START Source data
lemma inf_VaR_le: "g \<in> G \<Longrightarrow> inf_VaR \<le> VaR_of g"
  using bdd_below_VaR_of by (auto intro: cInf_lower)

lemma exists_VaR_of_less: "inf_VaR < c \<Longrightarrow> \<exists>g\<in>G. VaR_of g < c"
  using cInf_less_iff[OF _ bdd_below_VaR_of] id_in_G_ns by auto

lemma inf_VaR_nonneg: "0 \<le> inf_VaR"
  using id_in_G_ns VaR_of_nonneg by (intro cInf_greatest) auto

lemma exists_optimal_truncation_set:
  "\<exists>D\<in>sets borel. prob {\<omega>\<in>space M. X \<omega> \<in> D} = p \<and>
     (\<integral>\<omega>. excess inf_VaR (X \<omega>) * indicator D (X \<omega>) \<partial>M) \<le> E\<gamma>X - x0"
proof -
  let ?q = inf_VaR
  obtain D where D: "D \<in> sets borel" "prob {\<omega>\<in>space M. X \<omega> \<in> D} = p"
    and optimal: "\<forall>B\<in>events. p \<le> prob B \<longrightarrow>
      (\<integral>\<omega>. excess ?q (X \<omega>) * indicator D (X \<omega>) \<partial>M) \<le> (\<integral>\<omega>. excess ?q (X \<omega>) * indicator B \<omega> \<partial>M)"
    using Neyman_Pearson[OF X_measurable borel_measurable_excess X_no_atoms excess_nonneg
        integrable_excess[OF inf_VaR_nonneg] p]
    by blast
  have "(\<integral>\<omega>. excess ?q (X \<omega>) * indicator D (X \<omega>) \<partial>M) \<le> E\<gamma>X - x0 + e" if "0 < e" for e
  proof -
    obtain g where g: "g \<in> G" and "VaR_of g < ?q + e"
      using exists_VaR_of_less[of "?q + e"] \<open>0 < e\<close> by auto
    note G_nsD(1)[OF g, measurable]
    define B where "B = {\<omega>\<in>space M. g (X \<omega>) \<le> ?q + e}"
    have B [measurable]: "B \<in> events" by (simp add: B_def)
    have int_B: "integrable M (\<lambda>\<omega>. excess c (X \<omega>) * indicator B \<omega>)" if "0 \<le> c" for c
      using integrable_excess[OF that] B by (rule integrable_real_mult_indicator[rotated])
    have excess_B: "excess ?q (X \<omega>) * indicator B \<omega>
        \<le> excess (?q + e) (X \<omega>) * indicator B \<omega> + e * \<gamma> (X \<omega>)" for \<omega>
      using excess_le_excess_add[of e ?q "X \<omega>"] \<gamma>_nonneg[of "X \<omega>"] \<open>0 < e\<close>
      by (cases "\<omega> \<in> B") simp_all
    have "p \<le> prob {\<omega>\<in>space M. g (X \<omega>) \<le> VaR_of g}"
      using p by (intro prob_le_VaR) auto
    also have "\<dots> \<le> prob B"
      using \<open>VaR_of g < ?q + e\<close> by (intro finite_measure_mono) (auto simp: B_def)
    finally have "(\<integral>\<omega>. excess ?q (X \<omega>) * indicator D (X \<omega>) \<partial>M)
        \<le> (\<integral>\<omega>. excess ?q (X \<omega>) * indicator B \<omega> \<partial>M)"
      by (rule optimal[rule_format, OF B])
    also have "\<dots> \<le> (\<integral>\<omega>. excess (?q + e) (X \<omega>) * indicator B \<omega> + e * \<gamma> (X \<omega>) \<partial>M)"
      using excess_B int_B inf_VaR_nonneg \<open>0 < e\<close> integrable_\<gamma> by (intro integral_mono) simp_all
    also have "\<dots> = (\<integral>\<omega>. excess (?q + e) (X \<omega>) * indicator B \<omega> \<partial>M) + e"
      using int_B[of "?q + e"] inf_VaR_nonneg \<open>0 < e\<close> integrable_\<gamma> integral_\<gamma> by simp
    also have "\<dots> \<le> E\<gamma>X - x0 + e"
      using G_ns_excess_bound[OF g, of "?q + e"] inf_VaR_nonneg \<open>0 < e\<close> by (simp add: B_def)
    finally show ?thesis .
  qed
  then have "(\<integral>\<omega>. excess ?q (X \<omega>) * indicator D (X \<omega>) \<partial>M) \<le> E\<gamma>X - x0"
    by (rule field_le_epsilon)
  with D show ?thesis by blast
qed

lemma VaR_problem_has_minimizer: "\<exists>g\<in>G. \<forall>h\<in>G. VaR_of g \<le> VaR_of h"
proof -
  obtain D where D [measurable]: "D \<in> sets borel" and "prob {\<omega>\<in>space M. X \<omega> \<in> D} = p"
    and "(\<integral>\<omega>. excess inf_VaR (X \<omega>) * indicator D (X \<omega>) \<partial>M) \<le> E\<gamma>X - x0"
    using exists_optimal_truncation_set by blast
  then have "truncate_on D inf_VaR \<in> G" and "VaR_of (truncate_on D inf_VaR) \<le> inf_VaR"
    using inf_VaR_nonneg p by (auto intro: truncate_on_in_G_ns VaR_truncate_on_le)
  then show ?thesis
    using inf_VaR_le order_trans by blast
qed

lemma inf_VaR_less_VaR: "inf_VaR < VaR M p X"
proof -
  define t where "t = VaR M p X"
  define \<delta> where "\<delta> = E\<gamma>X - x0"
  define c where "c = max 0 (t - \<delta>)"
  have prob_t: "p \<le> prob {\<omega>\<in>space M. X \<omega> \<le> t}"
    unfolding t_def using p by (intro prob_le_VaR) auto
  have "0 < t"
  proof (rule ccontr)
    assume "\<not> 0 < t"
    then have "prob {\<omega>\<in>space M. X \<omega> \<le> t} \<le> prob {\<omega>\<in>space M. X \<omega> = 0}"
      using X_nonneg by (intro finite_measure_mono) force+
    then show False using prob_t X_no_atoms[of 0] p by simp
  qed
  moreover have "0 < \<delta>" using x0_less by (simp add: \<delta>_def)
  ultimately have "0 \<le> c" "c < t" by (auto simp: c_def)
  have "(\<integral>\<omega>. excess c (X \<omega>) * indicator {..t} (X \<omega>) \<partial>M) \<le> (\<integral>\<omega>. \<delta> * \<gamma> (X \<omega>) \<partial>M)"
  proof (rule integral_mono)
    show "excess c (X \<omega>) * indicator {..t} (X \<omega>) \<le> \<delta> * \<gamma> (X \<omega>)" for \<omega>
    proof (cases "X \<omega> \<le> t")
      case True
      then have "max (X \<omega> - c) 0 \<le> \<delta>" using \<open>0 < \<delta>\<close> by (simp add: c_def)
      then have "\<gamma> (X \<omega>) * max (X \<omega> - c) 0 \<le> \<gamma> (X \<omega>) * \<delta>"
        by (rule mult_left_mono) (rule \<gamma>_nonneg)
      then show ?thesis
        using True by (simp add: excess_def mult.commute)
    qed (use \<open>0 < \<delta>\<close> \<gamma>_nonneg in simp)
  qed (use integrable_excess_indicator[OF _ \<open>0 \<le> c\<close>] integrable_\<gamma> in simp_all)
  then have "truncate_on {..t} c \<in> G"
    using integral_\<gamma> \<open>0 \<le> c\<close> by (intro truncate_on_in_G_ns) (simp_all add: \<delta>_def)
  moreover have "VaR_of (truncate_on {..t} c) \<le> c"
    using prob_t p by (intro VaR_truncate_on_le) auto
  ultimately have "inf_VaR \<le> c"
    using inf_VaR_le order_trans by blast
  with \<open>c < t\<close> show ?thesis by (simp add: t_def)
qed

end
END Source data
* _Problem requirements_
All entries are to be repeated exactly and completely.

* _Your solution_
lemma inf_VaR_le: "g \<in> G \<Longrightarrow> inf_VaR \<le> VaR_of g"
  using bdd_below_VaR_of by (auto intro: cInf_lower)

lemma exists_VaR_of_less: "inf_VaR < c \<Longrightarrow> \<exists>g\<in>G. VaR_of g < c"
  using cInf_less_iff[OF _ bdd_below_VaR_of] id_in_G_ns by auto

lemma inf_VaR_nonneg: "0 \<le> inf_VaR"
  using id_in_G_ns VaR_of_nonneg by (intro cInf_greatest) auto

lemma exists_optimal_truncation_set:
  "\<exists>D\<in>sets borel. prob {\<omega>\<in>space M. X \<omega> \<in> D} = p \<and>
     (\<integral>\<omega>. excess inf_VaR (X \<omega>) * indicator D (X \<omega>) \<partial>M) \<le> E\<gamma>X - x0"
proof -
  let ?q = inf_VaR
  obtain D where D: "D \<in> sets borel" "prob {\<omega>\<in>space M. X \<omega> \<in> D} = p"
    and optimal: "\<forall>B\<in>events. p \<le> prob B \<longrightarrow>
      (\<integral>\<omega>. excess ?q (X \<omega>) * indicator D (X \<omega>) \<partial>M) \<le> (\<integral>\<omega>. excess ?q (X \<omega>) * indicator B \<omega> \<partial>M)"
    using Neyman_Pearson[OF X_measurable borel_measurable_excess X_no_atoms excess_nonneg
        integrable_excess[OF inf_VaR_nonneg] p]
    by blast
  have "(\<integral>\<omega>. excess ?q (X \<omega>) * indicator D (X \<omega>) \<partial>M) \<le> E\<gamma>X - x0 + e" if "0 < e" for e
  proof -
    obtain g where g: "g \<in> G" and "VaR_of g < ?q + e"
      using exists_VaR_of_less[of "?q + e"] \<open>0 < e\<close> by auto
    note G_nsD(1)[OF g, measurable]
    define B where "B = {\<omega>\<in>space M. g (X \<omega>) \<le> ?q + e}"
    have B [measurable]: "B \<in> events" by (simp add: B_def)
    have int_B: "integrable M (\<lambda>\<omega>. excess c (X \<omega>) * indicator B \<omega>)" if "0 \<le> c" for c
      using integrable_excess[OF that] B by (rule integrable_real_mult_indicator[rotated])
    have excess_B: "excess ?q (X \<omega>) * indicator B \<omega>
        \<le> excess (?q + e) (X \<omega>) * indicator B \<omega> + e * \<gamma> (X \<omega>)" for \<omega>
      using excess_le_excess_add[of e ?q "X \<omega>"] \<gamma>_nonneg[of "X \<omega>"] \<open>0 < e\<close>
      by (cases "\<omega> \<in> B") simp_all
    have "p \<le> prob {\<omega>\<in>space M. g (X \<omega>) \<le> VaR_of g}"
      using p by (intro prob_le_VaR) auto
    also have "\<dots> \<le> prob B"
      using \<open>VaR_of g < ?q + e\<close> by (intro finite_measure_mono) (auto simp: B_def)
    finally have "(\<integral>\<omega>. excess ?q (X \<omega>) * indicator D (X \<omega>) \<partial>M)
        \<le> (\<integral>\<omega>. excess ?q (X \<omega>) * indicator B \<omega> \<partial>M)"
      by (rule optimal[rule_format, OF B])
    also have "\<dots> \<le> (\<integral>\<omega>. excess (?q + e) (X \<omega>) * indicator B \<omega> + e * \<gamma> (X \<omega>) \<partial>M)"
      using excess_B int_B inf_VaR_nonneg \<open>0 < e\<close> integrable_\<gamma> by (intro integral_mono) simp_all
    also have "\<dots> = (\<integral>\<omega>. excess (?q + e) (X \<omega>) * indicator B \<omega> \<partial>M) + e"
      using int_B[of "?q + e"] inf_VaR_nonneg \<open>0 < e\<close> integrable_\<gamma> integral_\<gamma> by simp
    also have "\<dots> \<le> E\<gamma>X - x0 + e"
      using G_ns_excess_bound[OF g, of "?q + e"] inf_VaR_nonneg \<open>0 < e\<close> by (simp add: B_def)
    finally show ?thesis .
  qed
  then have "(\<integral>\<omega>. excess ?q (X \<omega>) * indicator D (X \<omega>) \<partial>M) \<le> E\<gamma>X - x0"
    by (rule field_le_epsilon)
  with D show ?thesis by blast
qed

lemma VaR_problem_has_minimizer: "\<exists>g\<in>G. \<forall>h\<in>G. VaR_of g \<le> VaR_of h"
proof -
  obtain D where D [measurable]: "D \<in> sets borel" and "prob {\<omega>\<in>space M. X \<omega> \<in> D} = p"
    and "(\<integral>\<omega>. excess inf_VaR (X \<omega>) * indicator D (X \<omega>) \<partial>M) \<le> E\<gamma>X - x0"
    using exists_optimal_truncation_set by blast
  then have "truncate_on D inf_VaR \<in> G" and "VaR_of (truncate_on D inf_VaR) \<le> inf_VaR"
    using inf_VaR_nonneg p by (auto intro: truncate_on_in_G_ns VaR_truncate_on_le)
  then show ?thesis
    using inf_VaR_le order_trans by blast
qed

lemma inf_VaR_less_VaR: "inf_VaR < VaR M p X"
proof -
  define t where "t = VaR M p X"
  define \<delta> where "\<delta> = E\<gamma>X - x0"
  define c where "c = max 0 (t - \<delta>)"
  have prob_t: "p \<le> prob {\<omega>\<in>space M. X \<omega> \<le> t}"
    unfolding t_def using p by (intro prob_le_VaR) auto
  have "0 < t"
  proof (rule ccontr)
    assume "\<not> 0 < t"
    then have "prob {\<omega>\<in>space M. X \<omega> \<le> t} \<le> prob {\<omega>\<in>space M. X \<omega> = 0}"
      using X_nonneg by (intro finite_measure_mono) force+
    then show False using prob_t X_no_atoms[of 0] p by simp
  qed
  moreover have "0 < \<delta>" using x0_less by (simp add: \<delta>_def)
  ultimately have "0 \<le> c" "c < t" by (auto simp: c_def)
  have "(\<integral>\<omega>. excess c (X \<omega>) * indicator {..t} (X \<omega>) \<partial>M) \<le> (\<integral>\<omega>. \<delta> * \<gamma> (X \<omega>) \<partial>M)"
  proof (rule integral_mono)
    show "excess c (X \<omega>) * indicator {..t} (X \<omega>) \<le> \<delta> * \<gamma> (X \<omega>)" for \<omega>
    proof (cases "X \<omega> \<le> t")
      case True
      then have "max (X \<omega> - c) 0 \<le> \<delta>" using \<open>0 < \<delta>\<close> by (simp add: c_def)
      then have "\<gamma> (X \<omega>) * max (X \<omega> - c) 0 \<le> \<gamma> (X \<omega>) * \<delta>"
        by (rule mult_left_mono) (rule \<gamma>_nonneg)
      then show ?thesis
        using True by (simp add: excess_def mult.commute)
    qed (use \<open>0 < \<delta>\<close> \<gamma>_nonneg in simp)
  qed (use integrable_excess_indicator[OF _ \<open>0 \<le> c\<close>] integrable_\<gamma> in simp_all)
  then have "truncate_on {..t} c \<in> G"
    using integral_\<gamma> \<open>0 \<le> c\<close> by (intro truncate_on_in_G_ns) (simp_all add: \<delta>_def)
  moreover have "VaR_of (truncate_on {..t} c) \<le> c"
    using prob_t p by (intro VaR_truncate_on_le) auto
  ultimately have "inf_VaR \<le> c"
    using inf_VaR_le order_trans by blast
  with \<open>c < t\<close> show ?thesis by (simp add: t_def)
qed

end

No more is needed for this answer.